About this task: Go through the entries below and copy every line that holds the word "metis".

Input:
· · · · · · ·

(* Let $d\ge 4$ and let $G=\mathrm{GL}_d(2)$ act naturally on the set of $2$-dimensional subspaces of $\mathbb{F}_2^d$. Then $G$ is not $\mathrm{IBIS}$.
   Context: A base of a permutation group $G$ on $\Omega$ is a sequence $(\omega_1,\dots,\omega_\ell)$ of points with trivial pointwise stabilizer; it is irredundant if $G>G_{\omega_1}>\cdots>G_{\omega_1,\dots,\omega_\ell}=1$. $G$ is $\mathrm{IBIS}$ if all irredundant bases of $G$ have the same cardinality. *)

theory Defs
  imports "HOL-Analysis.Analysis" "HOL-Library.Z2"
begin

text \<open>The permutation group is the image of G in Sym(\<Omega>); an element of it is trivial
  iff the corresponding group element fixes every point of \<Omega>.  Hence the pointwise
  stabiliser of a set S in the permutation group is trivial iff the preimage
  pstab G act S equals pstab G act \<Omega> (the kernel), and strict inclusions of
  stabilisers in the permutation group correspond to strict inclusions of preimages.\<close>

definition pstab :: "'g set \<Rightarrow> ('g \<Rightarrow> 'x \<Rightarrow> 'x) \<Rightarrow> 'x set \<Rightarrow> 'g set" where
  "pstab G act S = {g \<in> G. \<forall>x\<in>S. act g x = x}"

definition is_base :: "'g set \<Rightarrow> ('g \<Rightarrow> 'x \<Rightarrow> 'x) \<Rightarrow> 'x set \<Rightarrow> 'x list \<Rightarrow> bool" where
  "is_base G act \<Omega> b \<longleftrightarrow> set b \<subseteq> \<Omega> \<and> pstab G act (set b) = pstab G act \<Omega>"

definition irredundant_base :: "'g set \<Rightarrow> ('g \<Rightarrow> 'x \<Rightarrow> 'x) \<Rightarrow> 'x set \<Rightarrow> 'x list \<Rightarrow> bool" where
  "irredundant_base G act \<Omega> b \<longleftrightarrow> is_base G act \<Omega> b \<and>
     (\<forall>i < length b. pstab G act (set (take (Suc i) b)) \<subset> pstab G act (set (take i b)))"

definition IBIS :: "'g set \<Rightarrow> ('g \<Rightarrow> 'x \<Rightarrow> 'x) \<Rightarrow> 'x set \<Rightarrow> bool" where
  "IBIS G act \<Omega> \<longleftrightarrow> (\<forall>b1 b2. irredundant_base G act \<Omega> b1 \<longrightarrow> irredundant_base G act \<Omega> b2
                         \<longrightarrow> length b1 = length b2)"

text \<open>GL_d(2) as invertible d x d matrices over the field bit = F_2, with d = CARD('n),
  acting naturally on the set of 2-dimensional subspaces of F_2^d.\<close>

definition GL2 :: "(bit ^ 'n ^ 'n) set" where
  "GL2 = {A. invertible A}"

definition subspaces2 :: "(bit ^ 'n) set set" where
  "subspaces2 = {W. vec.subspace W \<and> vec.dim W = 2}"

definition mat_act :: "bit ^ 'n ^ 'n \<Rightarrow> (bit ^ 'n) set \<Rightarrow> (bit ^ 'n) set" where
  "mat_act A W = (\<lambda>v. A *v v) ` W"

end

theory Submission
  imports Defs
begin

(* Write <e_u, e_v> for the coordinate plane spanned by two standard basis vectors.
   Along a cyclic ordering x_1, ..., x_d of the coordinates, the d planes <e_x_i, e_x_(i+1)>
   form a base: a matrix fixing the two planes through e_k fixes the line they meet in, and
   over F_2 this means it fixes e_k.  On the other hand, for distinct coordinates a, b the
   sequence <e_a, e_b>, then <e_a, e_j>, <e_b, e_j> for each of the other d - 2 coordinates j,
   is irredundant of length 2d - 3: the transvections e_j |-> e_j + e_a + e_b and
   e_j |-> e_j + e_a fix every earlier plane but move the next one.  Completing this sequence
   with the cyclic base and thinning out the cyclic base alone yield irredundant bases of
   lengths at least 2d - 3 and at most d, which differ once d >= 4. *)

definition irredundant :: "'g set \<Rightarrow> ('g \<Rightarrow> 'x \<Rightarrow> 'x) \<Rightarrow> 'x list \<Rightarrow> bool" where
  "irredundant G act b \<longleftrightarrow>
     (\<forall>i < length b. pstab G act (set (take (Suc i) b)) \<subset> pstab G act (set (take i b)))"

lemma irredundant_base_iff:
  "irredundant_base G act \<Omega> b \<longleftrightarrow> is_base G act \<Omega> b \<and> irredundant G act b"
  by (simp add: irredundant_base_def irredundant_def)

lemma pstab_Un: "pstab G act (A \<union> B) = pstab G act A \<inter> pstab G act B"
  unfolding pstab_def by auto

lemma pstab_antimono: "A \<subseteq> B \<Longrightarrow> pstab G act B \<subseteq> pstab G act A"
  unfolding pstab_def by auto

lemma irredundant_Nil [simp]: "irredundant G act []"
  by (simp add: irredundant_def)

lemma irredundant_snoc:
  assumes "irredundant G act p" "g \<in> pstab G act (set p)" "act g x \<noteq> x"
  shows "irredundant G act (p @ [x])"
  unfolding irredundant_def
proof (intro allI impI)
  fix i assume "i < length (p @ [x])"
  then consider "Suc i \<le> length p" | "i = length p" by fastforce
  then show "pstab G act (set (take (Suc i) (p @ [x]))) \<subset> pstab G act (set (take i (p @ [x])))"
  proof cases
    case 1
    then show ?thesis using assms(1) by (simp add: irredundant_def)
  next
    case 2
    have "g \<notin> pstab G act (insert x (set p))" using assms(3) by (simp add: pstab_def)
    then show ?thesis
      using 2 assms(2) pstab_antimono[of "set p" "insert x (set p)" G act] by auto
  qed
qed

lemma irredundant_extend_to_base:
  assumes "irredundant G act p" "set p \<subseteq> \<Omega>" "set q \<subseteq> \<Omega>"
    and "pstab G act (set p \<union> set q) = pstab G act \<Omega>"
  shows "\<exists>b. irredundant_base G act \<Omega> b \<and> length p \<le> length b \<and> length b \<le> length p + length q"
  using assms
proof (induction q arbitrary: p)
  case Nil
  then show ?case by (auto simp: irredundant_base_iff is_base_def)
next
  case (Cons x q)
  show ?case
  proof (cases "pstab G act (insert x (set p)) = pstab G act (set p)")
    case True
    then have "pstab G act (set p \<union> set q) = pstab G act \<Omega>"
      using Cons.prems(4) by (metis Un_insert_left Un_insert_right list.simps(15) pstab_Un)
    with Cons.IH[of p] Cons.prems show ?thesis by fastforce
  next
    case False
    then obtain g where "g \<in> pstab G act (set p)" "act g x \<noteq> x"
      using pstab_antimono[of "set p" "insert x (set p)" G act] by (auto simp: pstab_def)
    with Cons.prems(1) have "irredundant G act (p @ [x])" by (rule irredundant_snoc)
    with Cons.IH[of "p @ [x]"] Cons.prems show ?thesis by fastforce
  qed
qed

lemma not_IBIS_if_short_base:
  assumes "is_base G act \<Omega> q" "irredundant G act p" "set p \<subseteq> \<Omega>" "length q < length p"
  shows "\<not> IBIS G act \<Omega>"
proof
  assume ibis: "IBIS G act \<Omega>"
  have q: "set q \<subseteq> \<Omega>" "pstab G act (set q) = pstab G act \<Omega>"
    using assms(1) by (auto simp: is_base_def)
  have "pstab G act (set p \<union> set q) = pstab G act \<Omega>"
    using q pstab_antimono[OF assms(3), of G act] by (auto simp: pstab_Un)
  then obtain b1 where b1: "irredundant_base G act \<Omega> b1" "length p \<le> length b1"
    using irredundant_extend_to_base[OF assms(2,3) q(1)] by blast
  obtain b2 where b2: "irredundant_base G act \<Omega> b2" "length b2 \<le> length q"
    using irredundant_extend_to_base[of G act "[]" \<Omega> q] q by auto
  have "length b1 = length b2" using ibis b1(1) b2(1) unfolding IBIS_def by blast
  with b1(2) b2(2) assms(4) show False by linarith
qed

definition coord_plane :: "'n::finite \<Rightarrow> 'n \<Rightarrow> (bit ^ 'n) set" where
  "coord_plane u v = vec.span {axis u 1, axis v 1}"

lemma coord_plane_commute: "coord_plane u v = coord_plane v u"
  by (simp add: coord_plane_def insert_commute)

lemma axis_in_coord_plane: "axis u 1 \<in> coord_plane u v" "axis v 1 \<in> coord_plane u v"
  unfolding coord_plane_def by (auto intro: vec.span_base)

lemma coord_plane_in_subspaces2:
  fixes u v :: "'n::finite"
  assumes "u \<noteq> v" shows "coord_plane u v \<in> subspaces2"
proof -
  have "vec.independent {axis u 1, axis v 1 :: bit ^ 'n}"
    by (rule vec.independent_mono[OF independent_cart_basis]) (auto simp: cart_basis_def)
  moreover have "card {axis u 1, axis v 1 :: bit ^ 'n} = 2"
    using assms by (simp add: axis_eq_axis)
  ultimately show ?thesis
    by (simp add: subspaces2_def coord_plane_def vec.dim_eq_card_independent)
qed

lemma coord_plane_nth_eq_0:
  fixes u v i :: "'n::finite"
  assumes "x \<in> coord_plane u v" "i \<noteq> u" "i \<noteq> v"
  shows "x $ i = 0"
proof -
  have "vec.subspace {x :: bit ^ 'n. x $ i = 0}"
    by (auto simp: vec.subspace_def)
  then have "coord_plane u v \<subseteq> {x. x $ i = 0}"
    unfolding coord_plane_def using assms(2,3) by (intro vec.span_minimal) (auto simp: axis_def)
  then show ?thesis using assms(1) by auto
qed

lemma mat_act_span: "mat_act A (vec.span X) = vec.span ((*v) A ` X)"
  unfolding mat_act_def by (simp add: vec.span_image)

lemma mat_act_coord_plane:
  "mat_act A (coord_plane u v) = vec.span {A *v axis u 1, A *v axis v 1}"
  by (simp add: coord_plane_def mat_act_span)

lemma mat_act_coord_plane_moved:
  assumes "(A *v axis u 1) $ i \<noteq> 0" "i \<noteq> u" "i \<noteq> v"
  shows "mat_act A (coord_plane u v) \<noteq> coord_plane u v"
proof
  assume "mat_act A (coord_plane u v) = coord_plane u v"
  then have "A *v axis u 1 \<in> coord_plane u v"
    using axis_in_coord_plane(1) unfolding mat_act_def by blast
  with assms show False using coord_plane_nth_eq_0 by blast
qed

· · · · · · ·

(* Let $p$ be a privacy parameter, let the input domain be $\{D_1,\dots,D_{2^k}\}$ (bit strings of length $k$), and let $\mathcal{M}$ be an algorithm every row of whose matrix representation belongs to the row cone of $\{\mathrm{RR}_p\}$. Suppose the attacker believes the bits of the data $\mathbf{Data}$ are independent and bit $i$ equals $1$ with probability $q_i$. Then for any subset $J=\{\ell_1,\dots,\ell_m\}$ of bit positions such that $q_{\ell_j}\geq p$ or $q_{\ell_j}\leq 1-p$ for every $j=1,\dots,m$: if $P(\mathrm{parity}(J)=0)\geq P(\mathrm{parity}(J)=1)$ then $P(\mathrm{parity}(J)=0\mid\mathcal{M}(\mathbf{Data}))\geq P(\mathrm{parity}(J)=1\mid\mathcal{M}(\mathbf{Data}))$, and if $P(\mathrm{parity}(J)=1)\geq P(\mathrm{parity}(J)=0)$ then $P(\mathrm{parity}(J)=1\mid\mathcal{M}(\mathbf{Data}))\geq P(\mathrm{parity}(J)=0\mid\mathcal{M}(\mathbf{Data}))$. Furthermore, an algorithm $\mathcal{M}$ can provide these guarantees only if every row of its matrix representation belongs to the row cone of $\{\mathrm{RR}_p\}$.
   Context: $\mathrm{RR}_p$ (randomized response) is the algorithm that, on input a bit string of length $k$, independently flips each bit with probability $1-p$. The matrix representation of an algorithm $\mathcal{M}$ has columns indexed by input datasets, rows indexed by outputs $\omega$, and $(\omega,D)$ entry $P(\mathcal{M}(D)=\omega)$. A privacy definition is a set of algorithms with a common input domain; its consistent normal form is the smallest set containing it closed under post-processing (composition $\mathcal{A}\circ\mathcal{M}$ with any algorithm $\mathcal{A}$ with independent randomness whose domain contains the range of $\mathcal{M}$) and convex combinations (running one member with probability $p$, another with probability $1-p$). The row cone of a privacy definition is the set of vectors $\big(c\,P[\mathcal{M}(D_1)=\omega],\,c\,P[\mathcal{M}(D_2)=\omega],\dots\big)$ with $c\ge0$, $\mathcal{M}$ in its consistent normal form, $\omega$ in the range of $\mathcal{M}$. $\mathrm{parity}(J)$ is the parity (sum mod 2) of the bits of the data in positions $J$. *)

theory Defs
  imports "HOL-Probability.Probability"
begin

· · · · · · ·

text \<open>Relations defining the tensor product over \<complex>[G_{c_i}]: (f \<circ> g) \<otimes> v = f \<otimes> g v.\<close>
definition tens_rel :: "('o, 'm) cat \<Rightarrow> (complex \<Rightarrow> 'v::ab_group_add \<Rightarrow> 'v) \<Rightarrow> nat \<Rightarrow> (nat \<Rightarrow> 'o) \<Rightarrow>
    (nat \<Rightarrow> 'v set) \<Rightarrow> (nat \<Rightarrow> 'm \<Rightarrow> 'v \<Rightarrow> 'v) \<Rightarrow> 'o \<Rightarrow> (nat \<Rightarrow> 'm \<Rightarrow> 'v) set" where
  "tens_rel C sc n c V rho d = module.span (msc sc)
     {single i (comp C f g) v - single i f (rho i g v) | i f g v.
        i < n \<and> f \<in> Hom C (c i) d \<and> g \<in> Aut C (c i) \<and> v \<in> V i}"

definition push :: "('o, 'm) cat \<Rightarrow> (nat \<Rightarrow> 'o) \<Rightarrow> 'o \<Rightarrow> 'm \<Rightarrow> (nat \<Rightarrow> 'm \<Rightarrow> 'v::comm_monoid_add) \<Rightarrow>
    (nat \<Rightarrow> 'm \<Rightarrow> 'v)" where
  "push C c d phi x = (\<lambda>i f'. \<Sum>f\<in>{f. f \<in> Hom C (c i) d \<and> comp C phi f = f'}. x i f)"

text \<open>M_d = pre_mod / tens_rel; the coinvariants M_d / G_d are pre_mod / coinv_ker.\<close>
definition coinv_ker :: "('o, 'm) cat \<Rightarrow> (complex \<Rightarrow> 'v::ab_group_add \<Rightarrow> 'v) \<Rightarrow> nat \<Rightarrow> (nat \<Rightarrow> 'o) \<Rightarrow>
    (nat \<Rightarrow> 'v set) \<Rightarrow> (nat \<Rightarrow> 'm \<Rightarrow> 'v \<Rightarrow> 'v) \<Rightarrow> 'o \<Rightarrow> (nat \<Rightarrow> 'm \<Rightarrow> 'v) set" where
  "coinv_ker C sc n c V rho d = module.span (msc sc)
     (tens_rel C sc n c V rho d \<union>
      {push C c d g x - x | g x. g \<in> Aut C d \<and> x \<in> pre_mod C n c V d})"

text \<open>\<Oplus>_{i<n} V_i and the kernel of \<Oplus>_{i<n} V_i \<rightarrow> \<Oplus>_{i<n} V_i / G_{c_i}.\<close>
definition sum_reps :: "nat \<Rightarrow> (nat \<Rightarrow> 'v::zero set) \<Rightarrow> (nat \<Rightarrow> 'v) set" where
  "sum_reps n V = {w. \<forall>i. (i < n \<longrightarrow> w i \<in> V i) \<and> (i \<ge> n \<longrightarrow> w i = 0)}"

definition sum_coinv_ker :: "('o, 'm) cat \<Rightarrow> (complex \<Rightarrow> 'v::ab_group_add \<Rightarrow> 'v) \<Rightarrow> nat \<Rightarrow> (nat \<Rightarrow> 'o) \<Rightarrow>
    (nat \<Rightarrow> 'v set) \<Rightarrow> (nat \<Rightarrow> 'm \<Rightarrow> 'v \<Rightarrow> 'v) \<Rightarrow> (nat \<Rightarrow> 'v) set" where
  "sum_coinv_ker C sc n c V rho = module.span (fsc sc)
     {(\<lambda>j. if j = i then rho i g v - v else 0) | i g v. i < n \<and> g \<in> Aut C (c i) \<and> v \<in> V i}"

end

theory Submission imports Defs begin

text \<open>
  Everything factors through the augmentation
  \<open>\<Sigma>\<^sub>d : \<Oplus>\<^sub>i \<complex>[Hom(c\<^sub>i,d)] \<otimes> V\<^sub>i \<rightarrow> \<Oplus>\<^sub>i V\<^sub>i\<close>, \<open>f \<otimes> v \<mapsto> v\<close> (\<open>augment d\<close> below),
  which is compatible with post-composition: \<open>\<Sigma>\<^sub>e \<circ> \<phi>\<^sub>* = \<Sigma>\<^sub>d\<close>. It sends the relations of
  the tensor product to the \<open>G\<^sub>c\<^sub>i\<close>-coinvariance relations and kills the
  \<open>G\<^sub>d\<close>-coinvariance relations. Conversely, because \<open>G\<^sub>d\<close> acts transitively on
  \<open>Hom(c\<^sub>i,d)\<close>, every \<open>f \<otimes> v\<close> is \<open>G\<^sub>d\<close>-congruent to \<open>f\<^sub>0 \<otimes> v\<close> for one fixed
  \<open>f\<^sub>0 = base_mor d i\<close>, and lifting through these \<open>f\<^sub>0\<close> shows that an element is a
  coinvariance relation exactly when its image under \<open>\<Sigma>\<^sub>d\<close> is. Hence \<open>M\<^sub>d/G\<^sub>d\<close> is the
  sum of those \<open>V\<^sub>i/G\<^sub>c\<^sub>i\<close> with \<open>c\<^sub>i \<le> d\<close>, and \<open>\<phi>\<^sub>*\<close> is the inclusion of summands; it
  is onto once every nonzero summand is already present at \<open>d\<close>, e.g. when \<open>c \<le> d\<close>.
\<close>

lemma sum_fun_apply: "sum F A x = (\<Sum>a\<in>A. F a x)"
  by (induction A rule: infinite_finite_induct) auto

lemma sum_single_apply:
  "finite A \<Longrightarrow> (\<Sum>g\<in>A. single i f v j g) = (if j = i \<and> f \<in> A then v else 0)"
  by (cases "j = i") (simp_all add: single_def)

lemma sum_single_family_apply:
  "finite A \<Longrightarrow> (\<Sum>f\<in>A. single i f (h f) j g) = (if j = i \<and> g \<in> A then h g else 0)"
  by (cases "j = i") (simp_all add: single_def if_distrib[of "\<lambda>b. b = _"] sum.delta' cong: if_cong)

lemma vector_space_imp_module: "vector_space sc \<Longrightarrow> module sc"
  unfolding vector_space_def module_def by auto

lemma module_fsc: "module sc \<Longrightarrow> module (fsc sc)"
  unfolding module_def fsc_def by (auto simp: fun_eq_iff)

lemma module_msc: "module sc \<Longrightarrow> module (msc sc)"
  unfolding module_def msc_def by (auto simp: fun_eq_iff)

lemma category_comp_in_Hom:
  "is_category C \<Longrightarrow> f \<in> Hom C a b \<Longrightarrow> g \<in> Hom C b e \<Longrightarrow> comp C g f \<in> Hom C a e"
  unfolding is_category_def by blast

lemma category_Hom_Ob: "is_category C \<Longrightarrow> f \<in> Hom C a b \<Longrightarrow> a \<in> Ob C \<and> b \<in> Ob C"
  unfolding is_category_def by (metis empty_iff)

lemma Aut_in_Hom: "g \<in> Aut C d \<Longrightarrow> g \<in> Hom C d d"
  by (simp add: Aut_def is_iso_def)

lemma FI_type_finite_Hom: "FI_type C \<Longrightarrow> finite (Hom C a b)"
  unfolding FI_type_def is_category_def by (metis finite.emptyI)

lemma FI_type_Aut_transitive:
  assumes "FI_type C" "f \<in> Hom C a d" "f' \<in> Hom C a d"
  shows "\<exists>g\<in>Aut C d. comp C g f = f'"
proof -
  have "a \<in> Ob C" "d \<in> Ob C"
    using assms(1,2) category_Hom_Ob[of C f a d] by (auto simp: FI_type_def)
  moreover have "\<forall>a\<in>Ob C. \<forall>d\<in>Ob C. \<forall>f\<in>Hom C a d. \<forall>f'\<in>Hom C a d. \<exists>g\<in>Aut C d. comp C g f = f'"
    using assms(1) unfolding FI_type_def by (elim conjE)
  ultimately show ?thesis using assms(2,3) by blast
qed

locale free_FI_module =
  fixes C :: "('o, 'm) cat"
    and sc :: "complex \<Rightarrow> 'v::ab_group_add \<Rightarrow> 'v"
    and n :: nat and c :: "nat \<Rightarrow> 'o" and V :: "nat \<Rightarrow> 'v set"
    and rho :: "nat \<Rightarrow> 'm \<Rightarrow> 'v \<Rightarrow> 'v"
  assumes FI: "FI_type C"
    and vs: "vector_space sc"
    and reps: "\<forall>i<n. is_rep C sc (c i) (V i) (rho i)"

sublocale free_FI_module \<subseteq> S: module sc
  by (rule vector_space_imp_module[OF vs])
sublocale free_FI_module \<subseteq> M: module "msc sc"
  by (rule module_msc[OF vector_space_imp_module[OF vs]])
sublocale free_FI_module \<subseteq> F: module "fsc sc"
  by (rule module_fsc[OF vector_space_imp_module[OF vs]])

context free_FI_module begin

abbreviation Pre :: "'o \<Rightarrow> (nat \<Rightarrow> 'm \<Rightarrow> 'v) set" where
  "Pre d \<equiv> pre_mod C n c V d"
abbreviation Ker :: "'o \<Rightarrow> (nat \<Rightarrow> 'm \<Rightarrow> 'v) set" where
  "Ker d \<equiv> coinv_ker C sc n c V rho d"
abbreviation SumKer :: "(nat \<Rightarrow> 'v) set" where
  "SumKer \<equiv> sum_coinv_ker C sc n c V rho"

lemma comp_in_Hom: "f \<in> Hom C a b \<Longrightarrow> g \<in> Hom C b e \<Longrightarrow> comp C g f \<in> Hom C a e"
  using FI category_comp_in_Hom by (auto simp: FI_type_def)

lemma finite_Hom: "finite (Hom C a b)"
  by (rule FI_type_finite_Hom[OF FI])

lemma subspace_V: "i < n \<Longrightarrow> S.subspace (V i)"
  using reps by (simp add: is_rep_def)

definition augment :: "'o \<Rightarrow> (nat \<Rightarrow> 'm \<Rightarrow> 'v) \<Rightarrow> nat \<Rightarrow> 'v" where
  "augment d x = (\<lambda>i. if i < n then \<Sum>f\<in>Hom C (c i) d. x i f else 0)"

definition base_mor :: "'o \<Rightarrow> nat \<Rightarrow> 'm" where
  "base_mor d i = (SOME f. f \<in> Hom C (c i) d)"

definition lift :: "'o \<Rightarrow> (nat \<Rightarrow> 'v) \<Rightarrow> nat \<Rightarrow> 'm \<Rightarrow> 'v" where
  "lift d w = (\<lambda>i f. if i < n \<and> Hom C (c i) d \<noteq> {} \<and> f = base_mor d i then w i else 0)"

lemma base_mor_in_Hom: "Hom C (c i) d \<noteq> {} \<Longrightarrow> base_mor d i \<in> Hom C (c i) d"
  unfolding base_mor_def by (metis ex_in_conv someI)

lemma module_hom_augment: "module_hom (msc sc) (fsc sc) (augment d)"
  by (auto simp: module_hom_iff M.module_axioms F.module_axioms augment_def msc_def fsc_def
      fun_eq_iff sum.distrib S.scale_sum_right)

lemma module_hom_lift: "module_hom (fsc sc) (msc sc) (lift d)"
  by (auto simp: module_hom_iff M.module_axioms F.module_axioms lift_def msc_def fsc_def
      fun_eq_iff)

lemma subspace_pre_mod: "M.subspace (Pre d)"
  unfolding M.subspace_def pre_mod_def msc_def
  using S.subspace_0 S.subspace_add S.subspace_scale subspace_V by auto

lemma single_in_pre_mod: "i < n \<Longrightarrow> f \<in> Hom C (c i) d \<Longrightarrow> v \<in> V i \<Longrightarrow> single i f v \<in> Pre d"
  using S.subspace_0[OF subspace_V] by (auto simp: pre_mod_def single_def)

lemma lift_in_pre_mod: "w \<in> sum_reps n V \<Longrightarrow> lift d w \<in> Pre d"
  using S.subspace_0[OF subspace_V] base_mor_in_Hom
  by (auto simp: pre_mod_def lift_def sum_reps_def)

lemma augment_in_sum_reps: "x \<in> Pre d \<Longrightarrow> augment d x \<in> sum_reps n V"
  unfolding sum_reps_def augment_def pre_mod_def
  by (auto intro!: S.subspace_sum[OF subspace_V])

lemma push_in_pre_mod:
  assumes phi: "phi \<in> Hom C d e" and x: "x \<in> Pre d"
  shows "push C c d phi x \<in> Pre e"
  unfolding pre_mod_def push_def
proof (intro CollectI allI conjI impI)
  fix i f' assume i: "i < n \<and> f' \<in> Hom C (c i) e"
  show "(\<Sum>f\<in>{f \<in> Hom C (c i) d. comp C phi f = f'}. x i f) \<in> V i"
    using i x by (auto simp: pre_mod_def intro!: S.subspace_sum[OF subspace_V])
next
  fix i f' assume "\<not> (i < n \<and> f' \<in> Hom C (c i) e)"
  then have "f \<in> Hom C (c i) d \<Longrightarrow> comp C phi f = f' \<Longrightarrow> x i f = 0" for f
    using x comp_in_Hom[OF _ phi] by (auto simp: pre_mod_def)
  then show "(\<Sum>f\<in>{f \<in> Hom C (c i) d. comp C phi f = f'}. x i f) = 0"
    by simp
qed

· · · · · · ·

Task solution:
      using Cons.prems(4) by (metis Un_insert_left Un_insert_right list.simps(15) pstab_Un)
  unfolding is_category_def by (metis empty_iff)
  unfolding FI_type_def is_category_def by (metis finite.emptyI)
  unfolding base_mor_def by (metis ex_in_conv someI)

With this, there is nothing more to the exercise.